A luta acontece no peso meio-médio — 77 kg — o que favorece McGregor em termos de massa muscular, mas também significa que Holloway vai carregar mais peso do que está acostumado. Isso pode reduzir levemente seu volume nos rounds finais, mas não muda a equação técnica central.
A leitura de conjunto aponta para um favorito claro
McGregor tem dois ativos reais nessa luta: o poder no esquerdo e a experiência de grandes eventos. O T-Mobile Arena vai vibrar com ele — e pressão de torcida já valeu rounds em decisões apertadas no passado. Mas apostar que esses dois fatores superam cinco anos de inatividade, uma lesão grave e a evolução técnica de Holloway é um salto de fé que os dados não sustentam.

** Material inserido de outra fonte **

lemma prod_bigQ_off_linear_path:
  assumes g: "is_path X E g" "linear_path E g"
  shows "(\<Prod>u\<in>set g - {last g}. bigQ_off E q (set (path_edges g)) u) = bigQ E q {g ! 0, g ! 1} (hd g)"
proof -
  let ?G = "set (path_edges g)"
  have len: "length g \<ge> 2" using g(2) by (simp add: linear_path_def)
  have dg: "distinct g" using distinct_path[OF g(1)] .
  have g0: "g \<noteq> []" using len by auto
  have hd_last: "hd g = g ! 0" "last g = g ! (length g - 1)"
    using g0 by (simp_all add: hd_conv_nth last_conv_nth)
  have "hd g \<noteq> last g" using nth_eq_iff_index_eq[OF dg, of 0 "length g - 1"] len g0 hd_last by simp
  then have hd_in: "hd g \<in> set g - {last g}" using g0 by simp
  have interior: "bigQ_off E q ?G u = 1" if u: "u \<in> set g - {last g} - {hd g}" for u
  proof -
    obtain i where i: "i < length g" "u = g ! i" using u by (auto simp: in_set_conv_nth)
    have "u \<noteq> hd g" "u \<noteq> last g" using u by auto
    then have "i \<noteq> 0" "i \<noteq> length g - 1" using i(2) hd_last by metis+
    then have "0 < i" "i < length g - 1" using i(1) by linarith+
    then show ?thesis
      using linear_path_interior_edges[OF g] edge_at_valency_two_cell[OF g(1)] i(2)
      by (intro bigQ_off_all_excluded) (metis g(2) linear_path_def)
  qed
  have e0: "{g ! 0, g ! 1} \<in> ?G"
    using len by (simp add: in_set_path_edges exI[of _ 0])
  have at_hd: "bigQ_off E q ?G (hd g) = bigQ E q {g ! 0, g ! 1} (hd g)"
    unfolding bigQ_eq_bigQ_off
    by (rule bigQ_off_cong) (use path_edge_at_hd[OF dg] e0 in blast)
  have "(\<Prod>u\<in>set g - {last g}. bigQ_off E q ?G u)
      = bigQ_off E q ?G (hd g) * (\<Prod>u\<in>set g - {last g} - {hd g}. bigQ_off E q ?G u)"
    using hd_in by (simp add: prod.remove)
  then show ?thesis using interior at_hd by simp
qed

text \<open>At an interior cell Q of one edge is q of the other, so the negative determinants of
  consecutive edges can be chained.\<close>
lemma linear_path_det_chain:
  assumes g: "is_path X E g" "linear_path E g"
    and det: "\<And>i. i < length g - 1 \<Longrightarrow> edge_det E q (g ! i) (g ! Suc i) < 0"
    and fwd: "\<And>i. i < length g - 1 \<Longrightarrow> 0 < q {g ! i, g ! Suc i} (g ! i)"
    and last_pos: "0 < bigQ E q {g ! (length g - 2), g ! (length g - 1)} (g ! (length g - 1))"
  shows "q {g ! 0, g ! 1} (g ! 0) * q {g ! (length g - 2), g ! (length g - 1)} (g ! (length g - 1))
    < bigQ E q {g ! 0, g ! 1} (g ! 0) * bigQ E q {g ! (length g - 2), g ! (length g - 1)} (g ! (length g - 1))"
proof -
  let ?n = "length g - 1"
  let ?a = "q {g ! 0, g ! 1} (g ! 0)" and ?c = "bigQ E q {g ! 0, g ! 1} (g ! 0)"
  have len: "2 \<le> length g" using g(2) by (simp add: linear_path_def)
  have "?a * q {g ! (k - 1), g ! k} (g ! k) < ?c * bigQ E q {g ! (k - 1), g ! k} (g ! k)"
    if "1 \<le> k" "k \<le> ?n" for k
    using that
  proof (induction k rule: dec_induct)
    case base
    show ?case using det[of 0] len unfolding edge_det_def by simp
  next
    case (step k)
    then have k: "0 < k" "k < ?n" by auto
    let ?s = "q {g ! k, g ! Suc k} (g ! k)"
    have "0 < ?a" using fwd[of 0] len by simp
    moreover have "0 < bigQ E q {g ! k, g ! Suc k} (g ! Suc k)"
    proof (cases "Suc k < ?n")
      case True
      then show ?thesis
        using bigQ_linear_path_interior(1)[OF g, of "Suc k" q] fwd[of "Suc k"] by simp
    next
      case False
      then have "Suc k = ?n" "k = length g - 2" using k by linarith+
      then show ?thesis using last_pos by simp
    qed
    moreover have "?s * q {g ! k, g ! Suc k} (g ! Suc k)
        < q {g ! (k - 1), g ! k} (g ! k) * bigQ E q {g ! k, g ! Suc k} (g ! Suc k)"
      using det[OF k(2)] bigQ_linear_path_interior(2)[OF g k, of q] unfolding edge_det_def by simp
    moreover have "?a * q {g ! (k - 1), g ! k} (g ! k) < ?c * ?s"
      using step.IH[OF less_imp_le[OF k(2)]] bigQ_linear_path_interior(1)[OF g k, of q] by simp
    ultimately have "?a * q {g ! k, g ! Suc k} (g ! Suc k) < ?c * bigQ E q {g ! k, g ! Suc k} (g ! Suc k)"
      by (rule mult_ratio_less_trans[OF fwd[OF k(2)]])
    then show ?case by simp
  qed
  moreover have "?n - 1 = length g - 2" "1 \<le> ?n" using len by linarith+
  ultimately show ?thesis by (metis order_refl)
qed

end

locale rooted_decorated_tree =
  fixes V A :: "'a set" and E :: "'a set set" and f :: "'a \<Rightarrow> int"
    and q :: "'a set \<Rightarrow> 'a \<Rightarrow> int" and v0 :: 'a
  assumes rooted: "decorated_rooted_tree V A E f q v0"

sublocale rooted_decorated_tree \<subseteq> tree "V \<union> A" E
  using rooted unfolding decorated_rooted_tree_def decorated_tree_def by unfold_locales simp

context rooted_decorated_tree
begin

abbreviation tree_path :: "'a \<Rightarrow> 'a \<Rightarrow> 'a list" where
  "tree_path \<equiv> gpath (V \<union> A) E"

lemma vertices_arrows_disjoint: "V \<inter> A = {}"
  and valency_arrow: "\<alpha> \<in> A \<Longrightarrow> valency E \<alpha> = 1"
  and q_arrow: "e \<in> E \<Longrightarrow> \<alpha> \<in> A \<Longrightarrow> \<alpha> \<in> e \<Longrightarrow> q e \<alpha> = 1"
  using rooted unfolding decorated_rooted_tree_def decorated_tree_def by auto

lemma root_vertex: "v0 \<in> V"
  using rooted unfolding decorated_rooted_tree_def is_root_def by simp

lemma q_ge_1_off_root_path:
  assumes u: "u \<in> V \<union> A" and e: "e \<in> E" "u \<in> e"
    and off: "e \<notin> set (path_edges (tree_path v0 u))"
  shows "1 \<le> q e u"
  using rooted u e off q_arrow[OF e(1) _ e(2)]
  unfolding decorated_rooted_tree_def is_root_def by (cases "u = v0") auto

lemma q_ge_1_away_from_root:
  assumes w: "w \<in> V \<union> A" and u: "u \<in> set (tree_path v0 w)" and e: "{u, w} \<in> E"
  shows "1 \<le> q {u, w} u"
proof -
  let ?r = "tree_path v0 w"
  have r: "is_path (V \<union> A) E ?r" "hd ?r = v0" "last ?r = w"
    using root_vertex w by (simp_all add: is_path_gpath hd_gpath last_gpath)
  have uX: "u \<in> V \<union> A" using is_path_subset[OF r(1) u] .
  have "u \<noteq> w" using card_edge[OF e] by auto
  have split: "?r = tree_path v0 u @ tl (tree_path u w)"
    using gpath_split[OF r(1) u] r by simp
  have "tree_path u w \<noteq> []" "last (tree_path u w) = w" "hd (tree_path u w) = u"
    using is_path_nonempty[OF is_path_gpath[OF uX w]] uX w by (simp_all add: last_gpath hd_gpath)
  then have "w \<in> set (tl (tree_path u w))" using \<open>u \<noteq> w\<close>
    by (metis last_in_set last_tl list.collapse set_ConsD)
  then have "w \<notin> set (tree_path v0 u)"
    using distinct_path[OF r(1)] split by (metis disjoint_iff distinct_append)
  then have "{u, w} \<notin> set (path_edges (tree_path v0 u))"
    using path_edge_subset by blast
  then show ?thesis using q_ge_1_off_root_path[OF uX e] by simp
qed

lemma linear_path_vertices:
  assumes g: "is_path (V \<union> A) E g" "linear_path E g" and ends: "hd g \<in> V" "last g \<in> V"
  shows "set g \<subseteq> V"
proof
  fix u assume "u \<in> set g"
  then obtain i where i: "i < length g" "u = g ! i" by (auto simp: in_set_conv_nth)
  have g0: "g \<noteq> []" using i by auto
  show "u \<in> V"
  proof (cases "i = 0 \<or> i = length g - 1")
    case True
    then show ?thesis using ends g0 i by (auto simp: hd_conv_nth last_conv_nth)
  next
    case False
    then have "valency E u = 2" using g(2) i unfolding linear_path_def by auto
    then show ?thesis using is_path_subset[OF g(1) \<open>u \<in> set g\<close>] valency_arrow by fastforce
  qed
qed

end

locale linear_segment = rooted_decorated_tree +
  fixes v v' :: 'a
  assumes negative_dets: "negative_determinants V E q"
    and f_nonneg: "\<forall>\<alpha>\<in>A. 0 \<le> f \<alpha>"
    and v: "v \<in> V" and v': "v' \<in> V"
    and v_less_v': "tree_less V A E v0 v v'"
    and linear: "linear_path E (gpath (V \<union> A) E v v')"
begin

abbreviation "\<gamma> \<equiv> tree_path v v'"
abbreviation "n \<equiv> length \<gamma> - 1"
abbreviation "e_first \<equiv> {\<gamma> ! 0, \<gamma> ! 1}"
abbreviation "e_last \<equiv> {\<gamma> ! (n - 1), \<gamma> ! n}"
abbreviation "root_path \<equiv> tree_path v0 v'"
abbreviation "arrow_term \<alpha> \<equiv>
  q e_first v * x_va V A E f q v' \<alpha> - bigQ E q e_last v' * x_va V A E f q v \<alpha>"

lemma gamma: "is_path (V \<union> A) E \<gamma>" "hd \<gamma> = v" "last \<gamma> = v'"
  using v v' by (simp_all add: is_path_gpath hd_gpath last_gpath)

lemma root_path: "is_path (V \<union> A) E root_path" "hd root_path = v0" "last root_path = v'"
  using root_vertex v' by (simp_all add: is_path_gpath hd_gpath last_gpath)

lemma gamma_length: "2 \<le> length \<gamma>"
  using linear by (simp add: linear_path_def)

lemma gamma_indices: "0 < n" "Suc (n - 1) = n" "length \<gamma> - 2 = n - 1" "1 < length \<gamma>"
  using gamma_length by linarith+

lemma gamma_first_edge: "e_first \<in> E" and gamma_last_edge: "e_last \<in> E"
  using is_path_edge[OF gamma(1), of 0] is_path_edge[OF gamma(1), of "n - 1"] gamma_indices
  by simp_all

lemma gamma_ends: "\<gamma> ! 0 = v" "\<gamma> ! n = v'"
  using gamma is_path_nonempty[OF gamma(1)] by (simp_all add: hd_conv_nth last_conv_nth)

lemma gamma_vertices: "set \<gamma> \<subseteq> V"
  using linear_path_vertices[OF gamma(1) linear] gamma v v' by simp

lemma gamma_suffix: obtains k where "k < length root_path" "\<gamma> = drop k root_path"
proof -
  have "v \<in> set root_path" using v_less_v' by (simp add: tree_less_def)
  then obtain k where "k < length root_path" "v = root_path ! k" by (auto simp: in_set_conv_nth)
  then show thesis using that gpath_drop[OF root_path(1)] root_path by simp
qed

lemma root_path_length: "2 \<le> length root_path"
  and root_path_last_but_one: "root_path ! (length root_path - 2) = \<gamma> ! (n - 1)"
proof -
  obtain k where k: "k < length root_path" "\<gamma> = drop k root_path" using gamma_suffix .
  then have len: "length \<gamma> = length root_path - k" by simp
  then show "2 \<le> length root_path" using gamma_length by linarith
  show "root_path ! (length root_path - 2) = \<gamma> ! (n - 1)"
    using k(2) len gamma_length by (simp add: numeral_2_eq_2 add.commute)
qed

lemma edge_at_end_of_root_path:
  "e \<in> set (path_edges root_path) \<Longrightarrow> v' \<in> e \<Longrightarrow> e = e_last"
  using path_edge_at_last[OF distinct_path[OF root_path(1)]] root_path(3) root_path_last_but_one
    gamma_ends by simp

lemma q_ge_1_along_gamma: assumes i: "i < n" shows "1 \<le> q {\<gamma> ! i, \<gamma> ! Suc i} (\<gamma> ! i)"
proof -
  obtain k where k: "k < length root_path" "\<gamma> = drop k root_path" using gamma_suffix .
  have j: "k + Suc i < length root_path" using k i by auto
  have "\<gamma> ! i = root_path ! (k + i)" "\<gamma> ! Suc i = root_path ! (k + Suc i)" using k j by simp_all
  moreover have "tree_path v0 (root_path ! (k + Suc i)) = take (Suc (k + Suc i)) root_path"
    using gpath_take[OF root_path(1) j] root_path by simp
  moreover have "root_path ! (k + i) \<in> set (take (Suc (k + Suc i)) root_path)"
    using nth_mem[of "k + i" "take (Suc (k + Suc i)) root_path"] j by simp
  ultimately have "\<gamma> ! i \<in> set (tree_path v0 (\<gamma> ! Suc i))" by simp
  moreover have "\<gamma> ! Suc i \<in> V" using gamma_vertices i by auto
  moreover have "{\<gamma> ! i, \<gamma> ! Suc i} \<in> E" using is_path_edge[OF gamma(1)] i by simp
  ultimately show ?thesis by (intro q_ge_1_away_from_root) auto
qed

lemma q_first_pos: "0 < q e_first v"
  using q_ge_1_along_gamma[of 0] gamma_length gamma_ends by simp

lemma bigQ_last_pos: "0 < bigQ E q e_last v'"
  unfolding bigQ_def
proof (rule prod_pos)
  fix e assume e: "e \<in> {e' \<in> E. v' \<in> e' \<and> e' \<noteq> e_last}"
  have "e \<notin> set (path_edges root_path)" using edge_at_end_of_root_path e by blast
  then show "0 < q e v'" using q_ge_1_off_root_path[of v' e] v' e by force
qed

lemma gamma_det_chain: "q e_first v * q e_last v' < bigQ E q e_first v * bigQ E q e_last v'"
proof -
  have "n - 1 = length \<gamma> - 2" by simp
  moreover have "edge_det E q (\<gamma> ! i) (\<gamma> ! Suc i) < 0" if "i < n" for i
    using negative_dets gamma_vertices is_path_edge[OF gamma(1)] that
    unfolding negative_determinants_def by (simp add: subset_iff)
  moreover have "0 < q {\<gamma> ! i, \<gamma> ! Suc i} (\<gamma> ! i)" if "i < n" for i
    using q_ge_1_along_gamma[OF that] by simp
  ultimately show ?thesis
    using linear_path_det_chain[OF gamma(1) linear] bigQ_last_pos gamma_ends by simp
qed

lemma path_to_arrow:
  assumes "\<alpha> \<in> A" "w \<in> V"
  shows "is_path (V \<union> A) E (tree_path w \<alpha>)" "hd (tree_path w \<alpha>) = w" "last (tree_path w \<alpha>) = \<alpha>"
  using assms by (simp_all add: is_path_gpath hd_gpath last_gpath)

lemma arrow_not_in_gamma: "\<alpha> \<in> A \<Longrightarrow> \<alpha> \<notin> set \<gamma>"
  using gamma_vertices vertices_arrows_disjoint by blast

lemma x_va_eq_path_weight:
  "\<alpha> \<in> A \<Longrightarrow> w \<in> V \<Longrightarrow> x_va V A E f q w \<alpha> = f \<alpha> * path_weight E q (tree_path w \<alpha>)"
  unfolding x_va_def using prod_incident_edges_eq_path_weight[OF path_to_arrow(1)] by simp

lemma path_to_arrow_tl_nonempty:
  assumes "\<alpha> \<in> A" "w \<in> V"
  shows "tl (tree_path w \<alpha>) \<noteq> []"
proof
  assume "tl (tree_path w \<alpha>) = []"
  then have "tree_path w \<alpha> = [w]"
    using path_to_arrow[OF assms(1)] assms(2) is_path_nonempty by (metis Un_iff list.collapse)
  then show False using path_to_arrow[OF assms(1)] assms vertices_arrows_disjoint by force
qed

Holloway vence por volume e acumulação de dano. Ele não precisa de um nocaute para ganhar — e essa é justamente sua maior força contra McGregor, que historicamente desmorona quando o plano de game inicial não funciona nos primeiros dois rounds. Se a luta chegar ao terceiro round com McGregor ainda de pé mas já sangrado e com o ritmo comprometido, o irlandês não tem o tanque para responder. Sua taxa de finalização defensiva em grappling também regrediu com a inatividade — e Holloway, apesar das limitações no wrestling, tem melhorado o clinch work.
Conforme registrado pelo SportNavo ao longo da cobertura do UFC 326, Holloway saiu daquela derrota para Oliveira com a reputação intacta como striker de elite. O problema foi o chão, não o pé. Contra McGregor, a luta vai se decidir majoritariamente em pé — e aí o havaiano leva vantagem estrutural.
"Ele perdeu uma decisão para mim há 13 anos. Agora ele é um lutador completamente diferente", disse McGregor em declarações recentes à imprensa, reconhecendo, mesmo que indiretamente, a evolução do rival.
Minha previsão: Holloway por decisão unânime ou TKO no terceiro round. McGregor vai assustar no primeiro, como sempre faz — e depois o volume de Holloway vai cobrar a conta. É o mesmo cenário que Anderson Silva viveu contra Chris Weidman em 2013 — só que agora a aposta é diferente, porque o tempo parado não é de meses, é de anos.